Question

Water flows through the tube as shown in the figure. The areas of cross-section of the wide and the narrow portions of the tube are $5\,c{m^2}$ and $2\,c{m^2}$ respectively. The rate of flow of water through the tube is $500\,\dfrac{{c{m^3}}}{s}$. Find the difference of mercury levels in the U-tube.

Answer 1

Hint: In this question, we need to determine the difference of mercury levels in the U-tube. We will determine the area and velocity by using the continuous equation. Then by using Bernoulli’s equation we will determine the equation for $h$. Then, substitute the values and evaluate to determine the difference of mercury levels.

Complete step by step answer:
It is given that, the rate of flow of water through the tube=$500\,\dfrac{{c{m^3}}}{s}$
We know that, the rate of flow of water=$area(A) \times velocity(V)$
Now, by using continuity equation,
${A_1}{V_1} = {A_2}{V_2}$
It is given that the areas of cross-section of the wide and the narrow portions of the tube are $5\,c{m^2}$ and $2\,c{m^2}$ respectively.
Therefore, $5{V_1} = 2{V_2} = 500\,\dfrac{{c{m^3}}}{s}$
Then,${V_1} = \dfrac{{500}}{5}$
Therefore, ${V_1} = 100\,\dfrac{{cm}}{s}$ $ = 0.1\,\dfrac{m}{s}$
Also, ${V_2} = \dfrac{{500}}{2}$
${V_2} = 250\,\dfrac{{cm}}{s}$ $ = 2.5\,\dfrac{m}{s}$
Let the pressure at the wide section=${p_A}$
And, the pressure at narrow section=${p_B}$
Now, by using Bernoulli’s equation, we have,
${p_A} + \dfrac{1}{2}{\rho _W}{V_A}^2 = {p_B} + \dfrac{1}{2}{\rho _W}{V_B}^2$
$\Rightarrow{p_A} - {p_B} = \dfrac{1}{2}{\rho _W}\left( {{V_B}^2 - {V_A}^2} \right)$
Since, the difference in pressure at two points i.e.,${p_A} - {p_B} = {\rho _{{H_g}}}gh$
Let the difference in height levels of mercury=$h$
And,${\rho _{{H_g}}}$ is the density of mercury
${\rho _{{H_g}}}gh = \dfrac{1}{2}{\rho _W}\left( {{V_2}^2 - {V_1}^2} \right)$
Therefore, $h = \dfrac{{{\rho _W}\left( {{V_2}^2 - {V_1}^2} \right)}}{{2{\rho _{{H_g}}}g}}$
Now, by substituting the values, we have,
$h= \dfrac{{{{10}^3}\left( {6.25 - 1} \right)}}{{2 \times 13.6 \times {{10}^3} \times 9.8}}$
$\Rightarrow h = 0.0196\,m$
$\therefore h = 1.96\,cm$

Hence, the difference of mercury levels in the U-tube is $1.96\,cm$.
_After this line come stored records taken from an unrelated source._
lemma nn_integral_FTC_Ioc:
  fixes f F :: "real \<Rightarrow> real"
  assumes "a \<le> b"
    and "\<And>x. x \<in> {a..b} \<Longrightarrow> (F has_real_derivative f x) (at x within {a..b})"
    and "\<And>x. x \<in> {a..b} \<Longrightarrow> 0 \<le> f x"
  shows "(\<integral>\<^sup>+x. ennreal (f x) * indicator {a<..b} x \<partial>lborel) = ennreal (F b - F a)"
proof -
  have "(f has_integral (F b - F a)) {a..b}"
    using fundamental_theorem_of_calculus[of a b F f] assms
    by (simp add: has_real_derivative_iff_has_vector_derivative)
  then have "(\<integral>\<^sup>+x. ennreal (f x) * indicator {a..b} x \<partial>lborel) = ennreal (F b - F a)"
    using assms(3) by (intro nn_integral_has_integral_lebesgue') auto
  moreover have "(\<integral>\<^sup>+x. ennreal (f x) * indicator {a<..b} x \<partial>lborel) =
      (\<integral>\<^sup>+x. ennreal (f x) * indicator {a..b} x \<partial>lborel)"
    by (intro nn_integral_cong_AE)
      (use AE_lborel_singleton[of a] in \<open>eventually_elim, auto simp: indicator_def\<close>)
  ultimately show ?thesis by simp
qed

lemma nn_integral_inverse_Ioc:
  assumes "0 < a" "a \<le> c"
  shows "(\<integral>\<^sup>+t. ennreal (1 / t) * indicator {a<..c} t \<partial>lborel) = ennreal (ln c - ln a)"
  by (rule nn_integral_FTC_Ioc) (use assms in \<open>auto intro!: derivative_eq_intros\<close>)

lemma nn_integral_powr_Ioi:
  assumes c: "0 < c" and p: "0 < p"
  shows "(\<integral>\<^sup>+t. ennreal (t powr (- p - 1)) * indicator {c<..} t \<partial>lborel) = ennreal (c powr (- p) / p)"
proof -
  have "(\<integral>\<^sup>+t. ennreal (t powr (- p - 1)) * indicator {c<..} t \<partial>lborel) =
      (\<integral>\<^sup>+t. ennreal (t powr (- p - 1)) * indicator {c..} t \<partial>lborel)"
    by (intro nn_integral_cong_AE)
      (use AE_lborel_singleton[of c] in \<open>eventually_elim, auto simp: indicator_def\<close>)
  also have "\<dots> = ennreal (0 - (- (c powr (- p) / p)))"
  proof (rule nn_integral_FTC_atLeast)
    fix t assume "c \<le> t"
    with c p show "((\<lambda>t. - (t powr (- p) / p)) has_real_derivative t powr (- p - 1)) (at t)"
      by (auto intro!: derivative_eq_intros simp: field_simps)
  next
    have "((\<lambda>t::real. t powr (- p)) \<longlongrightarrow> 0) at_top"
      using p by (intro tendsto_neg_powr filterlim_ident) auto
    then have "((\<lambda>t. - (t powr (- p) / p)) \<longlongrightarrow> - (0 / p)) at_top"
      by (intro tendsto_minus tendsto_divide tendsto_const) (use p in auto)
    then show "((\<lambda>t. - (t powr (- p) / p)) \<longlongrightarrow> 0) at_top" by simp
  qed auto
  finally show ?thesis by simp
qed

section \<open>Surface measure on the unit sphere in polar form\<close>

definition shell :: "real \<Rightarrow> real \<Rightarrow> 'a::real_normed_vector set" where
  "shell a b = {z. a < norm z \<and> norm z \<le> b}"

lemma shell_empty: "b \<le> a \<Longrightarrow> shell a b = {}"
  by (auto simp: shell_def)

lemma shell_antimono: "a' \<le> a \<Longrightarrow> shell a b \<subseteq> shell a' b"
  by (auto simp: shell_def)

lemma sets_lebesgue_shell[measurable]: "shell a b \<in> sets (lebesgue :: 'a::euclidean_space measure)"
proof -
  have "shell a b = {z::'a. a < norm z} \<inter> cball 0 b" by (auto simp: shell_def)
  moreover have "{z::'a. a < norm z} \<inter> cball 0 b \<in> sets borel"
    by (intro sets.Int borel_open borel_closed open_Collect_less) (auto intro: continuous_intros)
  ultimately show ?thesis by (auto intro: sets_completionI_sets)
qed

definition sphere_sets :: "'a::euclidean_space set set" where
  "sphere_sets = {A. A \<subseteq> sphere 0 1 \<and> sphere_cone A \<in> sets lebesgue}"

lemma sigma_algebra_sphere_sets: "sigma_algebra (sphere (0::'a::euclidean_space) 1) sphere_sets"
  unfolding sigma_algebra_iff2
proof (intro conjI ballI allI impI)
  show "sphere_sets \<subseteq> Pow (sphere (0::'a) 1)" "{} \<in> (sphere_sets :: 'a set set)"
    by (auto simp: sphere_sets_def sphere_cone_def)
  fix A :: "'a set" assume "A \<in> sphere_sets"
  moreover have "sphere_cone (sphere 0 1 - A) = shell 0 1 - sphere_cone A" if "A \<subseteq> sphere 0 1"
    using that by (auto simp: sphere_cone_def shell_def)
  ultimately show "sphere 0 1 - A \<in> sphere_sets"
    by (auto simp: sphere_sets_def)
next
  fix A :: "nat \<Rightarrow> 'a set" assume "range A \<subseteq> sphere_sets"
  moreover have "sphere_cone (\<Union>i. A i) = (\<Union>i. sphere_cone (A i))"
    by (auto simp: sphere_cone_def)
  ultimately show "(\<Union>i. A i) \<in> sphere_sets"
    by (auto simp: sphere_sets_def)
qed

lemma sets_sphere_measure: "sets (sphere_measure :: 'a::euclidean_space measure) = sphere_sets"
proof -
  interpret sigma_algebra "sphere (0::'a) 1" sphere_sets by (rule sigma_algebra_sphere_sets)
  have sub: "sphere_sets \<subseteq> Pow (sphere (0::'a) 1)" by (auto simp: sphere_sets_def)
  show ?thesis
    unfolding sphere_measure_def sphere_sets_def[symmetric] sets_measure_of[OF sub] sigma_sets_eq ..
qed

lemma space_sphere_measure: "space (sphere_measure :: 'a::euclidean_space measure) = sphere 0 1"
  unfolding sphere_measure_def by (subst space_measure_of) auto

lemma emeasure_sphere_measure:
  assumes "A \<in> sphere_sets"
  shows "emeasure (sphere_measure :: 'a::euclidean_space measure) A =
    ennreal (real DIM('a)) * emeasure lebesgue (sphere_cone A)"
  unfolding sphere_measure_def sphere_sets_def[symmetric]
proof (rule emeasure_measure_of_sigma[OF sigma_algebra_sphere_sets _ _ assms])
  show "positive sphere_sets (\<lambda>A::'a set. ennreal (real DIM('a)) * emeasure lebesgue (sphere_cone A))"
    by (auto simp: positive_def sphere_cone_def)
  show "countably_additive sphere_sets
      (\<lambda>A::'a set. ennreal (real DIM('a)) * emeasure lebesgue (sphere_cone A))"
    unfolding countably_additive_def
  proof (intro allI impI)
    fix A :: "nat \<Rightarrow> 'a set"
    assume A: "range A \<subseteq> sphere_sets" "disjoint_family A"
    have "disjoint_family (\<lambda>i. sphere_cone (A i))"
      using A(2) unfolding disjoint_family_on_def sphere_cone_def by blast
    moreover have "range (\<lambda>i. sphere_cone (A i)) \<subseteq> sets lebesgue"
      using A(1) by (auto simp: sphere_sets_def)
    ultimately have "(\<Sum>i. emeasure lebesgue (sphere_cone (A i))) =
        emeasure lebesgue (\<Union>i. sphere_cone (A i))"
      by (rule suminf_emeasure[rotated])
    moreover have "sphere_cone (\<Union>i. A i) = (\<Union>i. sphere_cone (A i))"
      by (auto simp: sphere_cone_def)
    ultimately show "(\<Sum>i. ennreal (real DIM('a)) * emeasure lebesgue (sphere_cone (A i))) =
        ennreal (real DIM('a)) * emeasure lebesgue (sphere_cone (\<Union> (range A)))"
      by (simp add: ennreal_suminf_cmult)
  qed
qed

lemma measurable_radial_projection:
  "(\<lambda>z. z /\<^sub>R norm z) \<in> restrict_space lebesgue (shell 0 1) \<rightarrow>\<^sub>M (sphere_measure :: 'a::euclidean_space measure)"
proof (rule measurableI)
  fix A assume "A \<in> sets (sphere_measure :: 'a measure)"
  moreover have "(\<lambda>z. z /\<^sub>R norm z) -` A \<inter> shell 0 1 = sphere_cone A" if "A \<subseteq> sphere 0 1"
    using that by (auto simp: sphere_cone_def shell_def)
  ultimately show "(\<lambda>z. z /\<^sub>R norm z) -` A \<inter> space (restrict_space lebesgue (shell 0 1)) \<in>
      sets (restrict_space lebesgue (shell 0 1))"
    by (subst sets_restrict_space_iff) (auto simp: sets_sphere_measure sphere_sets_def)
qed (auto simp: shell_def space_sphere_measure)

lemma sphere_measure_eq_density_distr:
  "(sphere_measure :: 'a::euclidean_space measure) =
    density (distr (restrict_space lebesgue (shell 0 1)) sphere_measure (\<lambda>z. z /\<^sub>R norm z))
      (\<lambda>_. ennreal (real DIM('a)))"
proof (rule measure_eqI)
  fix A assume A: "A \<in> sets (sphere_measure :: 'a measure)"
  have "emeasure (distr (restrict_space lebesgue (shell 0 1)) sphere_measure (\<lambda>z. z /\<^sub>R norm z)) A =
      emeasure (restrict_space lebesgue (shell 0 1)) ((\<lambda>z. z /\<^sub>R norm z) -` A \<inter> shell 0 1)"
    using emeasure_distr[OF measurable_radial_projection A] by simp
  also have "(\<lambda>z::'a. z /\<^sub>R norm z) -` A \<inter> shell 0 1 = sphere_cone A"
    using A by (auto simp: sphere_cone_def shell_def sets_sphere_measure sphere_sets_def)
  also have "emeasure (restrict_space lebesgue (shell 0 1)) (sphere_cone A) = emeasure lebesgue (sphere_cone A)"
    by (rule emeasure_restrict_space) (auto simp: sphere_cone_def shell_def)
  finally show "emeasure sphere_measure A = emeasure (density (distr (restrict_space lebesgue (shell 0 1))
      sphere_measure (\<lambda>z. z /\<^sub>R norm z)) (\<lambda>_. ennreal (real DIM('a)))) A"
    using A emeasure_sphere_measure[of A]
    by (simp add: emeasure_density nn_integral_cmult_indicator sets_sphere_measure)
qed simp

lemma nn_integral_sphere_measure:
  assumes h: "h \<in> borel_measurable (sphere_measure :: 'a::euclidean_space measure)"
  shows "(\<integral>\<^sup>+x. h x \<partial>sphere_measure) =
    ennreal (real DIM('a)) * (\<integral>\<^sup>+z. h (z /\<^sub>R norm z) * indicator (shell 0 1) z \<partial>(lebesgue :: 'a measure))"
proof -
  have "(\<integral>\<^sup>+x. h x \<partial>sphere_measure) = ennreal (real DIM('a)) *
      (\<integral>\<^sup>+x. h x \<partial>distr (restrict_space lebesgue (shell 0 1)) sphere_measure (\<lambda>z::'a. z /\<^sub>R norm z))"
    using h by (subst sphere_measure_eq_density_distr) (simp add: nn_integral_density nn_integral_cmult)
  also have "\<dots> = ennreal (real DIM('a)) *
      (\<integral>\<^sup>+z. h (z /\<^sub>R norm z) \<partial>restrict_space lebesgue (shell 0 1))"
    using h by (subst nn_integral_distr[OF measurable_radial_projection]) auto
  finally show ?thesis by (simp add: nn_integral_restrict_space)
qed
Note: It is important here to note that, whenever these types of problems are given first, determine the area and velocity then, apply Bernoulli’s equation and solve it. The continuous equation is nothing but it describes the transport of some quantity i.e., the product of cross-sectional area and the velocity which is a constant.